Use the entries below and reproduce exactly the lines from the one containing "R \<longleftrightarrow> (\<forall>\<alpha>\<in>R." down to the one containing "where the line", both of them included.

--- DATA TO PROCESS Enclosed Below ---

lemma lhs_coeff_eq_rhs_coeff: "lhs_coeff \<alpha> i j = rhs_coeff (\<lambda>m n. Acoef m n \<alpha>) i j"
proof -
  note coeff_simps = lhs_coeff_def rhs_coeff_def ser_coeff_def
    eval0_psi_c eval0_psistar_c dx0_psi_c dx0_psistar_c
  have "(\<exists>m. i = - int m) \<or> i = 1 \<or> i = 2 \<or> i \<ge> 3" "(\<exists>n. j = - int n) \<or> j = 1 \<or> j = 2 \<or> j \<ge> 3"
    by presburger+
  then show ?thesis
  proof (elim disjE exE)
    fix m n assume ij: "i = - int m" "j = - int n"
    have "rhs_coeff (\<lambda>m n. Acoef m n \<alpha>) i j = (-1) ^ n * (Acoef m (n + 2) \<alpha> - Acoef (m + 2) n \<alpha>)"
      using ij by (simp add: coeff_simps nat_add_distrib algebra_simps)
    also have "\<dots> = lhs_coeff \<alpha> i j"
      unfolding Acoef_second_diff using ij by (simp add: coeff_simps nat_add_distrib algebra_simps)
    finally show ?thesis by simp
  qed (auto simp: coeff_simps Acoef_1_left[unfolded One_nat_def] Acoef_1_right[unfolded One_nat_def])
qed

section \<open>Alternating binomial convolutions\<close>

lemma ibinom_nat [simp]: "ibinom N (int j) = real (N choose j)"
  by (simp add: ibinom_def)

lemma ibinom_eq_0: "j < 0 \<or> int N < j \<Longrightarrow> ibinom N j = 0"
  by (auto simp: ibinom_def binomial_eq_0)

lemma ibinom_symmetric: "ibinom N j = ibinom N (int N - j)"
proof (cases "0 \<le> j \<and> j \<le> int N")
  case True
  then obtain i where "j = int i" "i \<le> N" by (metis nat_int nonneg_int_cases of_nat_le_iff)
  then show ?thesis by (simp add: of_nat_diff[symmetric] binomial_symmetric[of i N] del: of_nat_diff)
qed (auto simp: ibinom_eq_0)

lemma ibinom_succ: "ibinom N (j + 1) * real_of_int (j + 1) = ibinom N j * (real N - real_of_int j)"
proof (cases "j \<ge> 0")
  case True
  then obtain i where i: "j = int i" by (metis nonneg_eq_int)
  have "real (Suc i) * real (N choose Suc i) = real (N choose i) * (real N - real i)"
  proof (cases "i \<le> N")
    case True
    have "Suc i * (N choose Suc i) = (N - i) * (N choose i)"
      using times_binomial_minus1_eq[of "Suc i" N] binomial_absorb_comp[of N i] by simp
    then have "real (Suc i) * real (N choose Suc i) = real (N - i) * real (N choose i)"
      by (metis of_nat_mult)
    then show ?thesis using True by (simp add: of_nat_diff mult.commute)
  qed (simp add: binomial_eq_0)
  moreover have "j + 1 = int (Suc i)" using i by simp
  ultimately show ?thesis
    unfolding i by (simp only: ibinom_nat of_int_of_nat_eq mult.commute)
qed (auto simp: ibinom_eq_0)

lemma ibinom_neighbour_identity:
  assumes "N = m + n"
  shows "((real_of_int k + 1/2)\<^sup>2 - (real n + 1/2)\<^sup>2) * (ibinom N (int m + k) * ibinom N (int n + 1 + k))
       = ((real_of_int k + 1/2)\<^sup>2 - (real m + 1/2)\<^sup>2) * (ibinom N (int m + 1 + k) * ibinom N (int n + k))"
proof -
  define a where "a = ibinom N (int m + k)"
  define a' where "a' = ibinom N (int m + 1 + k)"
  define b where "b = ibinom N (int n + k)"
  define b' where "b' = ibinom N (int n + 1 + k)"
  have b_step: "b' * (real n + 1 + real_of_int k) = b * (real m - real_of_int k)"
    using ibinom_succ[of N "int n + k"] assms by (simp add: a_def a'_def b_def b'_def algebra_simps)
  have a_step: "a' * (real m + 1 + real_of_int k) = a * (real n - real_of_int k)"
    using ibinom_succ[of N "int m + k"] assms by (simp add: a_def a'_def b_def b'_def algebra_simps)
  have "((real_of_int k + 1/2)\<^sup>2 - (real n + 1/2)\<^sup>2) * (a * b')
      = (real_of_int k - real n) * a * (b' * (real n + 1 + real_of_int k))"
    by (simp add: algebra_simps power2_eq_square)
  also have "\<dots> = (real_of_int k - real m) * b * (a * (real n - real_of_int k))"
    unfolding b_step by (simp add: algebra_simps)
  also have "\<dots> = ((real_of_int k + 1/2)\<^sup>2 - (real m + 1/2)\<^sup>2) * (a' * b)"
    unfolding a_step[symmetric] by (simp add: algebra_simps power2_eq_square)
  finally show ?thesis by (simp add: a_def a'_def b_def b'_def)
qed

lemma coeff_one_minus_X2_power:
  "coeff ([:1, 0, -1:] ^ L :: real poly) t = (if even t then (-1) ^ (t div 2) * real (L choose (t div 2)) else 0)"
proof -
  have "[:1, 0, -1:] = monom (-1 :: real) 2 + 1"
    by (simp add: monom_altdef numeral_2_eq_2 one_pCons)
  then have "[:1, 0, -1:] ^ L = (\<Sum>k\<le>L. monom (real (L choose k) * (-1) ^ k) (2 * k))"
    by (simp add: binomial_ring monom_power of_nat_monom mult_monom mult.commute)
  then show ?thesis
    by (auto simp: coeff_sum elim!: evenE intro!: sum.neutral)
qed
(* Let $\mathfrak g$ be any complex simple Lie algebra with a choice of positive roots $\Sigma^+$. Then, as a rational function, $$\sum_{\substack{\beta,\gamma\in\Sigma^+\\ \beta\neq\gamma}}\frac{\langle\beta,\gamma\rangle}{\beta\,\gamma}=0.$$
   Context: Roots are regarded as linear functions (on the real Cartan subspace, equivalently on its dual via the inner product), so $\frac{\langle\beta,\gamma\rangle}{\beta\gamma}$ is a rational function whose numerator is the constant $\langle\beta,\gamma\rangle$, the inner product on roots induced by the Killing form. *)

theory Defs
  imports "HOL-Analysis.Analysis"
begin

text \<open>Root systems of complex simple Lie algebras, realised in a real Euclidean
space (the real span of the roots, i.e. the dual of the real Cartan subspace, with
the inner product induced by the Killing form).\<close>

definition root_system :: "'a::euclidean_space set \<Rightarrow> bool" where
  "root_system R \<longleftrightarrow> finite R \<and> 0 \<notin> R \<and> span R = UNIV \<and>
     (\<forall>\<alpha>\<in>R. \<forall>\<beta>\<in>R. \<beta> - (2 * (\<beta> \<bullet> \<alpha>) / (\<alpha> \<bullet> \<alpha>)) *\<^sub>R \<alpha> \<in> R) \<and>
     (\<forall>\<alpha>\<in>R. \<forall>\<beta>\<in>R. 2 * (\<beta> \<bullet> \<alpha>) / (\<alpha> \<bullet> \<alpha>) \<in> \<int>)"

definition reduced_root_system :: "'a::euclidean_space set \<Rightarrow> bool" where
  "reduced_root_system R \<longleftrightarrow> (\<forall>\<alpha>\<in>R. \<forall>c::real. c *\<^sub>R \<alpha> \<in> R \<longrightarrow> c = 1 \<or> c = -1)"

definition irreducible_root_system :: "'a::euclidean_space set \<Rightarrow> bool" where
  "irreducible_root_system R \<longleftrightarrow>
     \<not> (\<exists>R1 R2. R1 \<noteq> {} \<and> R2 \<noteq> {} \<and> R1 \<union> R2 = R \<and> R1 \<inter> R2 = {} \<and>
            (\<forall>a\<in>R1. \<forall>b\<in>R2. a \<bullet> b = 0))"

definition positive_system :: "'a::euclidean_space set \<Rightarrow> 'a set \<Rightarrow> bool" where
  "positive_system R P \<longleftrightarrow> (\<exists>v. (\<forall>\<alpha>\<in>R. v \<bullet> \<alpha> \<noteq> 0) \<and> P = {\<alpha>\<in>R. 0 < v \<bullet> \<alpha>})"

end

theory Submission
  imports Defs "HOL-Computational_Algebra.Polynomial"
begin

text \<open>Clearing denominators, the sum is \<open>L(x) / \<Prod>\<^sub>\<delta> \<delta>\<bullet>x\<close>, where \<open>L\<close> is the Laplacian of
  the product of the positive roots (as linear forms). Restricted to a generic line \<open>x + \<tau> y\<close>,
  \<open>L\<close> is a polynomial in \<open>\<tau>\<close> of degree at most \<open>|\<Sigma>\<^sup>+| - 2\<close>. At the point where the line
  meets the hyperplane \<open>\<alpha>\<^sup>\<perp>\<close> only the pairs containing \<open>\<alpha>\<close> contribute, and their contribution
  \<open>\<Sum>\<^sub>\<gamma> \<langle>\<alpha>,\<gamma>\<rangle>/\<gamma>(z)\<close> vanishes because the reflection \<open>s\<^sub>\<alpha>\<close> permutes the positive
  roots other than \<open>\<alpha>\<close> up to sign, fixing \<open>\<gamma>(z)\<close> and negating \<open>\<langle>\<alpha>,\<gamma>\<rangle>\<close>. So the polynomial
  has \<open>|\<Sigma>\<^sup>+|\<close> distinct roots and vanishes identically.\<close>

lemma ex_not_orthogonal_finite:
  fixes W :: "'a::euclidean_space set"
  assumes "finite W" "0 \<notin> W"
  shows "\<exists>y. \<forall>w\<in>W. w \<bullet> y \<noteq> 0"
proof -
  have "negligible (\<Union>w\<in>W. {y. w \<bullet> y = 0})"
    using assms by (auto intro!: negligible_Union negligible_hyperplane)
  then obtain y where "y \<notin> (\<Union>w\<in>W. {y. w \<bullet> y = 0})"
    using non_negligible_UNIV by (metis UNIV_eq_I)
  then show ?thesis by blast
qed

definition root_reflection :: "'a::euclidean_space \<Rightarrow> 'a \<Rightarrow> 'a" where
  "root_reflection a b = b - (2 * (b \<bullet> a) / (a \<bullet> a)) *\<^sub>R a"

--- End of Enclosed DATA TO PROCESS ---

## TASK RESPONSE
  "reduced_root_system R \<longleftrightarrow> (\<forall>\<alpha>\<in>R. \<forall>c::real. c *\<^sub>R \<alpha> \<in> R \<longrightarrow> c = 1 \<or> c = -1)"

definition irreducible_root_system :: "'a::euclidean_space set \<Rightarrow> bool" where
  "irreducible_root_system R \<longleftrightarrow>
     \<not> (\<exists>R1 R2. R1 \<noteq> {} \<and> R2 \<noteq> {} \<and> R1 \<union> R2 = R \<and> R1 \<inter> R2 = {} \<and>
            (\<forall>a\<in>R1. \<forall>b\<in>R2. a \<bullet> b = 0))"

definition positive_system :: "'a::euclidean_space set \<Rightarrow> 'a set \<Rightarrow> bool" where
  "positive_system R P \<longleftrightarrow> (\<exists>v. (\<forall>\<alpha>\<in>R. v \<bullet> \<alpha> \<noteq> 0) \<and> P = {\<alpha>\<in>R. 0 < v \<bullet> \<alpha>})"

end

theory Submission
  imports Defs "HOL-Computational_Algebra.Polynomial"
begin

text \<open>Clearing denominators, the sum is \<open>L(x) / \<Prod>\<^sub>\<delta> \<delta>\<bullet>x\<close>, where \<open>L\<close> is the Laplacian of
  the product of the positive roots (as linear forms). Restricted to a generic line \<open>x + \<tau> y\<close>,
  \<open>L\<close> is a polynomial in \<open>\<tau>\<close> of degree at most \<open>|\<Sigma>\<^sup>+| - 2\<close>. At the point where the line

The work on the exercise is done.